Markus Kraus, Sprecher der Mordkommission, bestätigte, dass 30 Vernehmungen durchgeführt worden seien. Verhört wurden unter anderem die Mutter der Mädchen, Annette S., ihr Lebensgefährte und ihr geschiedener Mann und Vater der Kinder. Nach den bisherigen Ermittlungen hatte Annette S. die Kraillinger Wohnung um 22.30 Uhr verlassen.

Sie arbeitete in der Kneipe „Schabernack“, die ihrem Lebensgefährten gehört, knapp 100 Meter von ihrer Wohnung entfernt. Als S. gegen 4.40 Uhr mit ihrem Lebensgefährten nach Hause zurückkehrte, fand sie die beiden Mädchen „leblos“ in der Wohnung, ihr Lebensgefährte rief daraufhin die Polizei. Die Beamten kümmerten sich um die Mädchen, versuchten sie zu reanimieren, bis der Notarzt kam. Der konnte nur noch den Tod feststellen.

Die Mädchen wurden mit einem Messer getötet

Chiara und Sharon sind eindeutig Opfer eines Verbrechens geworden, sagte Oberstaatsanwältin Titz. Anhaltspunkte für einen sexuellen Hintergrund der Tat gebe es nach der Obduktion nicht. Die beiden Mädchen seien unter anderem mit einem Messer und durch „stumpfe Schläge“ getötet worden. Ob das Messer am Tatort aus der Wohnung stammt und ob der Täter sich möglicherweise ausgekannt hat, wollte die Staatsanwaltschaft nicht mitteilen.

Einbruchspuren wurden keine festgestellt, allerdings, so Mordkommissionssprecher Kraus, war die Haustür, die gleichzeitig auch die Wohnungstür ist, ohne Weiteres zugänglich: Annette S. hatte wie immer, wenn sie arbeiten ging und die Kinder zuhause blieben, nicht abgesperrt – angeblich, damit Chiara und Sharon im Brandfall fliehen könnten. „Sie müssen nur den Drehknopf der Tür betätigen, dann sind Sie drin“, so Kraus. Dies machte sich der Täter ganz offenbar zunutze.

Nur wer bringt zwei arg- und wehrlose Kinder auf so brutale Weise um? Und vor allem: Warum?

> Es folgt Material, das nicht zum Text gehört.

definition gjoin :: "nat \<Rightarrow> (real ^ ('n::finite)) set \<Rightarrow> real \<times> (real ^ ('n::finite)) set \<Rightarrow> real \<times> (real ^ ('n::finite)) set \<Rightarrow> real \<times> (real ^ ('n::finite)) set" where
  "gjoin k X p q = (THE r. is_lub k X p q r)"

definition branch_point :: "nat \<Rightarrow> (real ^ ('n::finite)) set \<Rightarrow> real \<times> (real ^ ('n::finite)) set \<Rightarrow> bool" where
  "branch_point k X p \<longleftrightarrow> p \<in> Gamma k X \<and>
     ((\<exists>s0 < fst p. \<forall>s. s0 \<le> s \<and> s < fst p \<longrightarrow>
         (\<exists>C0 C1. C0 \<noteq> C1 \<and> gle k X (s,C0) p \<and> gle k X (s,C1) p))
      \<or> \<not> (\<exists>q. fst q < fst p \<and> gle k X q p))"

definition max_branch_below :: "nat \<Rightarrow> (real ^ ('n::finite)) set \<Rightarrow> real \<times> (real ^ ('n::finite)) set \<Rightarrow> real \<times> (real ^ ('n::finite)) set \<Rightarrow> bool" where
  "max_branch_below k X b p \<longleftrightarrow> branch_point k X b \<and> gle k X b p \<and>
     (\<forall>b'. branch_point k X b' \<and> gle k X b' p \<longrightarrow> gle k X b' b)"

end

theory Submission
  imports Defs
begin

text \<open>Elements of \<open>\<Gamma>\<^sub>k(X)\<close> above a fixed element are totally ordered, since the component
  of a point at a later radius is determined by the point. Hence if \<open>p\<close> and \<open>q\<close> are comparable,
  the statement reduces to the maximal branch point below the larger one. Otherwise the join
  \<open>p \<union> q\<close> is itself a branch point: just below its radius the components above \<open>p\<close> and above
  \<open>q\<close> are still distinct. Finally, \<open>b\<^sub>1 \<union> b\<^sub>2\<close> lies above \<open>b\<^sub>1\<close> and \<open>b\<^sub>2\<close>, so it is comparable
  with \<open>p\<close> and with \<open>q\<close>; incomparability of \<open>p\<close> and \<open>q\<close> forces it above both, hence it equals
  \<open>p \<union> q\<close>.\<close>

lemma cx_adj_sym: "sym (cx_adj K)"
  unfolding sym_def cx_adj_def by blast

lemma cx_comp_self: "a \<in> cx_comp K a"
  unfolding cx_comp_def by simp

lemma cx_comp_eq_iff: "cx_comp K a = cx_comp K b \<longleftrightarrow> (a, b) \<in> (cx_adj K)\<^sup>*"
proof
  assume "cx_comp K a = cx_comp K b"
  then show "(a, b) \<in> (cx_adj K)\<^sup>*"
    using cx_comp_self[of b K] unfolding cx_comp_def by blast
next
  assume ab: "(a, b) \<in> (cx_adj K)\<^sup>*"
  then have ba: "(b, a) \<in> (cx_adj K)\<^sup>*"
    by (rule symD[OF sym_rtrancl[OF cx_adj_sym]])
  show "cx_comp K a = cx_comp K b"
    unfolding cx_comp_def using rtrancl_trans[OF ab] rtrancl_trans[OF ba] by blast
qed

lemma cx_comp_subset_verts:
  assumes "a \<in> cx_verts K"
  shows "cx_comp K a \<subseteq> cx_verts K"
proof
  fix b assume "b \<in> cx_comp K a"
  then have "(a, b) \<in> (cx_adj K)\<^sup>*" unfolding cx_comp_def by simp
  then show "b \<in> cx_verts K"
    by (induction rule: rtrancl_induct) (use assms in \<open>auto simp: cx_adj_def cx_verts_def\<close>)
qed

lemma cx_comp_eq_mono:
  assumes "K \<subseteq> K'" "cx_comp K a = cx_comp K b"
  shows "cx_comp K' a = cx_comp K' b"
proof -
  have "cx_adj K \<subseteq> cx_adj K'" using assms(1) unfolding cx_adj_def by blast
  then show ?thesis using assms(2) rtrancl_mono unfolding cx_comp_eq_iff by blast
qed

lemma Lverts_subset: "Lverts r k X \<subseteq> X"
  unfolding Lverts_def by auto

lemma cx_verts_Lcx: "0 \<le> r \<Longrightarrow> cx_verts (Lcx r k X) = Lverts r k X"
proof
  show "cx_verts (Lcx r k X) \<subseteq> Lverts r k X" unfolding cx_verts_def Lcx_def by auto
next
  assume "0 \<le> r"
  then have "{x} \<in> Lcx r k X" if "x \<in> Lverts r k X" for x
    using that Lverts_subset unfolding Lcx_def VR_def by auto
  then show "Lverts r k X \<subseteq> cx_verts (Lcx r k X)" unfolding cx_verts_def by blast
qed

lemma Lcx_eq_if_same_distances:
  assumes "r' \<le> r" "\<forall>a\<in>X. \<forall>b\<in>X. dist a b \<le> r \<longrightarrow> dist a b \<le> r'"
  shows "Lcx r k X = Lcx r' k X"
proof -
  have dist_iff: "dist a b \<le> r \<longleftrightarrow> dist a b \<le> r'" if "a \<in> X" "b \<in> X" for a b
    using assms that by force
  then have "Lverts r k X = Lverts r' k X" unfolding Lverts_def
    by (smt (verit, best) Collect_cong)
  moreover have "VR r X = VR r' X" unfolding VR_def using dist_iff by (auto simp: subset_iff)
  ultimately show ?thesis unfolding Lcx_def by simp
qed

lemma Lverts_beyond_diameter:
  assumes "finite X" "card X \<ge> k + 1" "\<forall>a\<in>X. \<forall>b\<in>X. dist a b \<le> R"
  shows "Lverts R k X = X"
proof -
  have "z \<in> Lverts R k X" if z: "z \<in> X" for z
  proof -
    have "{x'\<in>X. x' \<noteq> z \<and> dist z x' \<le> R} = X - {z}" using assms(3) z by auto
    moreover have "card (X - {z}) \<ge> k" using assms(1,2) z by simp
    ultimately show ?thesis unfolding Lverts_def using z by simp
  qed
  then show ?thesis using Lverts_subset by blast
qed

lemma cx_comp_eq_beyond_diameter:
  assumes "finite X" "card X \<ge> k + 1" "\<forall>a\<in>X. \<forall>b\<in>X. dist a b \<le> R" "x \<in> X" "y \<in> X"
  shows "cx_comp (Lcx R k X) x = cx_comp (Lcx R k X) y"
proof -
  have "0 \<le> R" using assms(3,4) by force
  then have "{x, y} \<in> Lcx R k X"
    unfolding Lcx_def VR_def Lverts_beyond_diameter[OF assms(1-3)] using assms(3-5) by auto
  then have "(x, y) \<in> cx_adj (Lcx R k X)" unfolding cx_adj_def by blast
  then show ?thesis unfolding cx_comp_eq_iff by blast
qed

lemma Gamma_iff: "p \<in> Gamma k X \<longleftrightarrow> fst p \<ge> 0 \<and> snd p \<in> pi0 (Lcx (fst p) k X)"
  by (cases p) (simp add: Gamma_def)

lemma Gamma_nonempty:
  assumes "p \<in> Gamma k X"
  obtains x where "x \<in> snd p"
proof -
  obtain v where "snd p = cx_comp (Lcx (fst p) k X) v"
    using assms unfolding Gamma_iff pi0_def by blast
  then have "v \<in> snd p" using cx_comp_self by metis
  then show ?thesis by (rule that)
qed

lemma Gamma_eq_cx_comp:
  assumes "p \<in> Gamma k X" "x \<in> snd p"
  shows "snd p = cx_comp (Lcx (fst p) k X) x"
proof -
  obtain v where v: "snd p = cx_comp (Lcx (fst p) k X) v"
    using assms(1) unfolding Gamma_iff pi0_def by blast
  then have "(v, x) \<in> (cx_adj (Lcx (fst p) k X))\<^sup>*" using assms(2) unfolding cx_comp_def by simp
  then show ?thesis using v cx_comp_eq_iff by metis
qed

lemma Gamma_mem_Lverts:
  assumes "p \<in> Gamma k X" "x \<in> snd p"
  shows "x \<in> Lverts (fst p) k X"
proof -
  have nonneg: "0 \<le> fst p" using assms(1) unfolding Gamma_iff by simp
  obtain v where v: "v \<in> cx_verts (Lcx (fst p) k X)" "snd p = cx_comp (Lcx (fst p) k X) v"
    using assms(1) unfolding Gamma_iff pi0_def by blast
  then have "x \<in> cx_verts (Lcx (fst p) k X)"
    using assms(2) cx_comp_subset_verts[OF v(1)] unfolding v(2) by blast
  then show ?thesis unfolding cx_verts_Lcx[OF nonneg] .
qed

lemma gle_Gamma: "gle k X p q \<Longrightarrow> p \<in> Gamma k X \<and> q \<in> Gamma k X"
  unfolding gle_def by auto

lemma gle_radius_le: "gle k X p q \<Longrightarrow> fst p \<le> fst q"
  unfolding gle_def by simp

lemma gjoin_commute: "gjoin k X p q = gjoin k X q p"
proof -
  have "is_lub k X p q = is_lub k X q p" by (auto simp: is_lub_def fun_eq_iff)
  then show ?thesis unfolding gjoin_def by simp
qed

context
  fixes k :: nat and X :: "(real ^ ('n::finite)) set"
  assumes finite_X: "finite X"
begin

lemma Lverts_mono: "r \<le> r' \<Longrightarrow> Lverts r k X \<subseteq> Lverts r' k X"
proof
  fix x assume r: "r \<le> r'" and x: "x \<in> Lverts r k X"
  have "card {x'\<in>X. x' \<noteq> x \<and> dist x x' \<le> r} \<le> card {x'\<in>X. x' \<noteq> x \<and> dist x x' \<le> r'}"
    by (rule card_mono) (use finite_X r in auto)
  then show "x \<in> Lverts r' k X" using x unfolding Lverts_def by auto
qed

lemma Lcx_mono:
  assumes "r \<le> r'"
  shows "Lcx r k X \<subseteq> Lcx r' k X"
proof
  fix \<sigma> assume "\<sigma> \<in> Lcx r k X"
  then have "\<sigma> \<in> VR r X" "\<sigma> \<subseteq> Lverts r k X" unfolding Lcx_def by auto
  then have "\<sigma> \<in> VR r' X" "\<sigma> \<subseteq> Lverts r' k X"
    using assms Lverts_mono[OF assms] unfolding VR_def by force+
  then show "\<sigma> \<in> Lcx r' k X" unfolding Lcx_def by simp
qed

text \<open>The witness is the largest pairwise distance in \<open>[m, r]\<close>, or \<open>m\<close> if there is none.\<close>

lemma Lcx_attained_at_distance:
  assumes "m \<le> r"
  shows "\<exists>r'\<in>insert m ((\<lambda>(a, b). dist a b) ` (X \<times> X)). m \<le> r' \<and> r' \<le> r \<and> Lcx r' k X = Lcx r k X"
proof -
  define D where "D = (\<lambda>(a, b). dist a b) ` (X \<times> X)"
  define r' where "r' = Max (insert m {d\<in>D. d \<le> r})"
  have fin: "finite (insert m {d\<in>D. d \<le> r})" unfolding D_def using finite_X by simp
  have "r' \<le> r" unfolding r'_def using fin assms by (subst Max_le_iff) auto
  moreover have "m \<le> r'" unfolding r'_def using fin by (rule Max_ge) simp
  moreover have "r' \<in> insert m D" unfolding r'_def using Max_in[OF fin] by blast
  moreover have "dist a b \<le> r'" if "a \<in> X" "b \<in> X" "dist a b \<le> r" for a b
  proof -
    have "dist a b \<in> insert m {d\<in>D. d \<le> r}" using that unfolding D_def by force
    then show ?thesis unfolding r'_def using fin by (simp only: Max_ge)
  qed
  then have "Lcx r k X = Lcx r' k X"
    using Lcx_eq_if_same_distances[OF \<open>r' \<le> r\<close>] by blast
  ultimately show ?thesis unfolding D_def by auto
qed

lemma least_merging_radius:
  assumes "card X \<ge> k + 1" "x \<in> X" "y \<in> X"
  obtains r0 where "m \<le> r0" "cx_comp (Lcx r0 k X) x = cx_comp (Lcx r0 k X) y"
    "\<And>r. m \<le> r \<Longrightarrow> cx_comp (Lcx r k X) x = cx_comp (Lcx r k X) y \<Longrightarrow> r0 \<le> r"
proof -
  define D where "D = (\<lambda>(a, b). dist a b) ` (X \<times> X)"
  define P where "P r \<longleftrightarrow> m \<le> r \<and> cx_comp (Lcx r k X) x = cx_comp (Lcx r k X) y" for r
  define F where "F = {r \<in> insert m D. P r}"
  have finite_D: "finite D" unfolding D_def using finite_X by simp
  then have finite_F: "finite F" unfolding F_def by simp
  have below_in_F: "\<exists>r'\<in>F. r' \<le> r" if "P r" for r
  proof -
    have "m \<le> r" using that unfolding P_def by simp
    then obtain r' where r': "r' \<in> insert m D" "m \<le> r'" "r' \<le> r" "Lcx r' k X = Lcx r k X"
      unfolding D_def by (blast dest: Lcx_attained_at_distance)
    then have "P r'" using that unfolding P_def by simp
    then have "r' \<in> F" using r'(1) unfolding F_def by simp
    then show ?thesis using r'(3) by blast
  qed
  define R where "R = max m (Max D)"
  have "dist a b \<le> R" if "a \<in> X" "b \<in> X" for a b
  proof -
    have "dist a b \<in> D" using that unfolding D_def by force
    then have "dist a b \<le> Max D" using finite_D by (rule Max_ge[rotated])
    then show ?thesis unfolding R_def by linarith
  qed
  then have "cx_comp (Lcx R k X) x = cx_comp (Lcx R k X) y"
    using cx_comp_eq_beyond_diameter[OF finite_X assms(1) _ assms(2,3)] by blast
  then have "P R" unfolding P_def R_def by simp
  then have "F \<noteq> {}" using below_in_F by blast
  then have "Min F \<in> F" using finite_F Min_in by blast
  then have "P (Min F)" unfolding F_def by simp
  moreover have "Min F \<le> r" if "P r" for r
  proof -
    from below_in_F[OF \<open>P r\<close>] obtain r' where "r' \<in> F" "r' \<le> r" by blast
    then show ?thesis using Min_le[OF finite_F] by fastforce
  qed
  ultimately show ?thesis using that unfolding P_def by blast
qed

lemma Gamma_cx_compI:
  assumes "p \<in> Gamma k X" "x \<in> snd p" "fst p \<le> t"
  shows "(t, cx_comp (Lcx t k X) x) \<in> Gamma k X"
proof -
  have "x \<in> Lverts t k X" using Gamma_mem_Lverts[OF assms(1,2)] Lverts_mono[OF assms(3)] by blast
  moreover have "0 \<le> t" using assms(1,3) unfolding Gamma_iff by linarith
  ultimately show ?thesis unfolding Gamma_iff pi0_def by (simp add: cx_verts_Lcx)
qed

lemma gle_iff:
  assumes "p \<in> Gamma k X" "q \<in> Gamma k X" "x \<in> snd p"
  shows "gle k X p q \<longleftrightarrow> fst p \<le> fst q \<and> snd q = cx_comp (Lcx (fst q) k X) x"
proof -
  have "cx_comp (Lcx (fst q) k X) z = cx_comp (Lcx (fst q) k X) x"
    if "z \<in> snd p" "fst p \<le> fst q" for z
  proof (rule cx_comp_eq_mono[OF Lcx_mono[OF that(2)]])
    show "cx_comp (Lcx (fst p) k X) z = cx_comp (Lcx (fst p) k X) x"
      using Gamma_eq_cx_comp[OF assms(1)] assms(3) that(1) by simp
  qed
  then show ?thesis unfolding gle_def using assms by blast
qed

lemma gle_refl:
  assumes "p \<in> Gamma k X"
  shows "gle k X p p"
proof -
  obtain x where "x \<in> snd p" using Gamma_nonempty[OF assms] .
  then show ?thesis using gle_iff[OF assms assms] Gamma_eq_cx_comp[OF assms] by simp
qed

lemma gle_trans:
  assumes "gle k X p q" "gle k X q r"
  shows "gle k X p r"
proof -
  have G: "p \<in> Gamma k X" "q \<in> Gamma k X" "r \<in> Gamma k X"
    using gle_Gamma[OF assms(1)] gle_Gamma[OF assms(2)] by auto
  obtain x where x: "x \<in> snd p" using Gamma_nonempty[OF G(1)] .
  have pq: "fst p \<le> fst q" "snd q = cx_comp (Lcx (fst q) k X) x"
    using gle_iff[OF G(1,2) x] assms(1) by auto
  then have "x \<in> snd q" using cx_comp_self by metis
  then have "fst q \<le> fst r" "snd r = cx_comp (Lcx (fst r) k X) x"
    using gle_iff[OF G(2,3)] assms(2) by auto
  then show ?thesis using gle_iff[OF G(1,3) x] pq(1) by simp
qed
(* Let $N\ge1$, $\theta\in\mathbb{R}$, frequencies $w_1,\dots,w_N>0$ and amplitudes $G_1,\dots,G_N\in\mathbb{R}$, and let $g(t)=\sum_{k=1}^N G_k\sin(w_kt+\theta)$. For $i=1,2,3,\dots$ let $$x_i(t)=\sum_{k=1}^N G_kF_i(w_k)\sin(w_kt+\phi_i+\theta)+n_i(t),$$ where the tuples $(F_i(w_1),\dots,F_i(w_N),\phi_i,n_i(\cdot))$ are i.i.d. across $i$; for each $i$, the vector $(F_i(w_1),\dots,F_i(w_N))$, the phase $\phi_i$ and the noise process $n_i(\cdot)$ are mutually independent; each $F_i(w_k)$ is integrable; $\phi_i$ is uniform on $[-\pi,\pi]$ (the phase lag of channel $i$ being the same at all frequencies $w_k$); and $E[n_i(t)]=0$ for each $t$. For $M\ge1$ let $X^+_M=\{i\le M:|\phi_i|\le\pi/2\}$ with cardinality $\overline{X^+_M}$ and $\hat g_M(t)=\frac{1}{\overline{X^+_M}}\sum_{i\in X^+_M}x_i(t)$. If $E[F_i(w_k)]$ is the same constant for all $k=1,\dots,N$, then there is a constant $c$ such that for every $t$, $\hat g_M(t)\to c\,g(t)$ almost surely as $M\to\infty$.
   Context: $x_i$ models the noisy output of the $i$-th linear time-invariant channel (magnitude response $F_i(w_k)$ at $w_k$, phase response $\phi_i$) driven by the common periodic input $g$. *)

theory Defs
  imports "HOL-Probability.Probability"
begin

text \<open>Mutual independence of three random elements (possibly of different types),
  written out as independence of the generated event families, exactly as
  indep_vars unfolds.\<close>
definition indep3 ::
  "'a measure \<Rightarrow> 'b measure \<Rightarrow> ('a \<Rightarrow> 'b) \<Rightarrow> 'c measure \<Rightarrow> ('a \<Rightarrow> 'c)
     \<Rightarrow> 'd measure \<Rightarrow> ('a \<Rightarrow> 'd) \<Rightarrow> bool" where
  "indep3 M N1 X1 N2 X2 N3 X3 \<longleftrightarrow>
     X1 \<in> measurable M N1 \<and> X2 \<in> measurable M N2 \<and> X3 \<in> measurable M N3 \<and>
     prob_space.indep_sets M
       (\<lambda>j::nat. if j = 0 then {X1 -` A \<inter> space M | A. A \<in> sets N1}
                 else if j = 1 then {X2 -` A \<inter> space M | A. A \<in> sets N2}
                 else {X3 -` A \<inter> space M | A. A \<in> sets N3}) {0, 1, 2}"

definition tuple_space :: "nat \<Rightarrow> ((nat \<Rightarrow> real) \<times> real \<times> (real \<Rightarrow> real)) measure" where
  "tuple_space N = (PiM {1..N} (\<lambda>_. borel)) \<Otimes>\<^sub>M (borel \<Otimes>\<^sub>M PiM UNIV (\<lambda>_. borel))"

end

theory Submission
  imports Defs
begin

Angeblich war die familiäre Situation von Annette S. – auch nach Einschätzung von Bekannten und Nachbarn – intakt: Zum geschiedenen Ehemann und Vater der Mädchen hatte sie demnach ein entspanntes Verhältnis. Auch das Verhältnis zu ihrem momentanen Lebensgefährten war in Ordnung.

Auf die Frage, ob eine Beziehungstat auszuschließen sei, antwortete Titz jedoch ebenso ausweichend wie Kraus. „Wenn es stimmt“, dass der Ex-Ehemann sich wie verschiedentlich berichtet, zum Tatzeitpunkt nicht in München, sondern in Hamburg aufgehalten habe, scheide er als Täter „natürlich“ aus.

Erinnerungen an ein ähnlich grausiges Verbrechen

Neben dem unmittelbaren Umfeld konzentrieren sich die Ermittlungen auf die gut 50 Gäste, die sich am Abend im „Schabernack“ aufgehalten haben. Und auch die unguten Erinnerungen an ein ähnlich gelagertes, furchtbares Verbrechen kommen wieder hoch.

Am Faschingsdienstag 2002 war ein junger Mann, angetan mit einer Totenkopfmaske, in das Zimmer der damals zwölf Jahre alten Vanessa aus Gesthofen bei Augsburg eingestiegen und hatte das Mädchen erstochen. Der Täter sagte später vor Gericht, seine Tat sei nicht geplant gewesen, er habe Vanessa „nur erschrecken wollen“. Als sie aufwachte, habe er „aus Angst“ zugestochen.

Auch ein solches Verbrechen kann im Fall Krailling derzeit nicht ausgeschlossen werden. Die Polizei sucht deshalb Zeugen, die in der Mordnacht Verdächtiges wahrgenommen haben. Das Bayerische Landeskriminalamt hat für Hinweise, die zur Ergreifung des Täters führen, eine Belohnung von 5000 Euro ausgesetzt.